The cooperation of the control valve configuration and the safety valve configuration is initially described with reference to the aerodynamic circuit diagram of FIG. 3. This figure shows the main control line 82 in the upper left, which in the exemplary embodiment leads to the pilot valve 58. The safety valve arrangement 16 is positioned to the right of the main control line in a dotted rectangle. The sensor valve 18 and the trigger valve 22 are placed in a rectangular combination further to the right and also shown in dotted lines to form a control valve configuration 20.

The trigger valve 22 activated by the trigger 14 has a first inlet 32 connected to the interior 64 of the housing. The second inlet 34 of the trigger valve 22 is connected to the outside air.
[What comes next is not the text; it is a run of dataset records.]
inductive evalr :: "recf \<Rightarrow> nat list \<Rightarrow> nat \<Rightarrow> bool" where
  ev_Zr: "evalr Zr xs 0"
| ev_Sc: "evalr Sc xs (Suc (nth0 xs 0))"
| ev_Proj: "evalr (Proj i) xs (nth0 xs i)"
| ev_Cn: "\<lbrakk>length ys = length gs; \<forall>j<length gs. evalr (gs ! j) xs (ys ! j); evalr f ys r\<rbrakk>
          \<Longrightarrow> evalr (Cn f gs) xs r"
| ev_Pr0: "evalr f xs r \<Longrightarrow> evalr (Pr f g) (0 # xs) r"
| ev_PrS: "\<lbrakk>evalr (Pr f g) (n # xs) y; evalr g (n # y # xs) r\<rbrakk>
          \<Longrightarrow> evalr (Pr f g) (Suc n # xs) r"
| ev_Mn: "\<lbrakk>evalr f (n # xs) 0; \<forall>m<n. \<exists>y. evalr f (m # xs) (Suc y)\<rbrakk>
          \<Longrightarrow> evalr (Mn f) xs n"

type_synonym baire = "nat \<Rightarrow> nat"

definition prefix_code :: "baire \<Rightarrow> nat \<Rightarrow> nat" where
  "prefix_code p k = list_encode (map p [0..<k])"

text \<open>Program phi computes output q from input p: to produce q n, phi is queried
  on (n, p|0), (n, p|1), ...; answer 0 means "read more input", answer Suc v means
  "q n = v".\<close>
definition tcomputes :: "recf \<Rightarrow> baire \<Rightarrow> baire \<Rightarrow> bool" where
  "tcomputes \<phi> p q \<longleftrightarrow>
     (\<forall>n. \<exists>k. evalr \<phi> [n, prefix_code p k] (Suc (q n)) \<and>
               (\<forall>k'<k. evalr \<phi> [n, prefix_code p k'] 0))"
The outlet 36 of the trigger valve 22 connected to the second inlet 34 in the unactuated position of the trigger valve 22 shown is connected to the first inlet 40 of the sensor valve 18 via a line 38. The second inlet 42 of the placement sensor valve 18 is connected to the outside air. In the shown unactuated position where the sensor valve 18 is placed, the outlet 44 of the placement sensor valve 18 is connected to the second inlet 42 of the placement sensor valve 18.

The safety valve arrangement 16 includes a first control space 60, a second control space 62, a first outlet 66 and a second outlet 68. In addition, the safety valve arrangement 16 includes a first inlet 74, a second inlet 76, a third inlet 78, and a fourth inlet 80. Only the actuating member 98 of the safety valve arrangement 16 is displaceable from the shown open position to the locked position.

The first inlet 74 of the safety valve arrangement 16 is connected to the outlet 44 of the sensor valve 18 via a line 124. A first outlet 66 of the safety valve arrangement 16 is connected to the main control line 82, and a second inlet 76 of the safety valve arrangement 16 is connected to the outside air. In the illustrated open position of the safety valve arrangement, the first inlet 74 is connected to the first outlet 66 such that a connection exists between the main control line 82 and the control valve arrangement 20.

The third inlet 78 of the safety valve arrangement 16 is connected to the outlet 44 of the sensor valve 18 via a line 126 provided with a check valve 128 therein. The fourth inlet 80 of the safety valve arrangement 16 is connected to the outside air. The second outlet 68 of the safety valve arrangement 16 is connected to the storage chamber 130 and the second control space 62. In addition, a connection exists between the second control space 62 or the second outlet 68 of the safety valve configuration and the throttle valve 132, and the storage chamber 130 is deflated through this connection. In the open position of the safety valve arrangement 16 shown, the third inlet 78 is connected to the second outlet 68 so that inflation of the second control space 62 is possible via the placement of the sensor valve 18.

The first control space 60 is connected to the outlet 36 of the trigger valve 22 via a line shown in dashed lines.

Starting from the basic state of FIG. 3, if the trigger valve 22 is actuated first, the outlet 36 of the trigger valve is connected to the interior 64 of the housing. Therefore, the first control space 60 is inflated, whereby the actuating member 98 of the safety valve arrangement 16 is displaced to the locked position. Therefore, the connection between the third inlet 78 and the second outlet 68 of the safety valve configuration is intermittent, so that the continuous actuation of the placement sensor valve 18 may not inflate the second control space 62. In addition, the first outlet 66 is separated from the first inlet 74 of the safety valve arrangement 16, so that the control valve arrangement 20 can no longer act on the main control line 82, and the nailing process may not be triggered.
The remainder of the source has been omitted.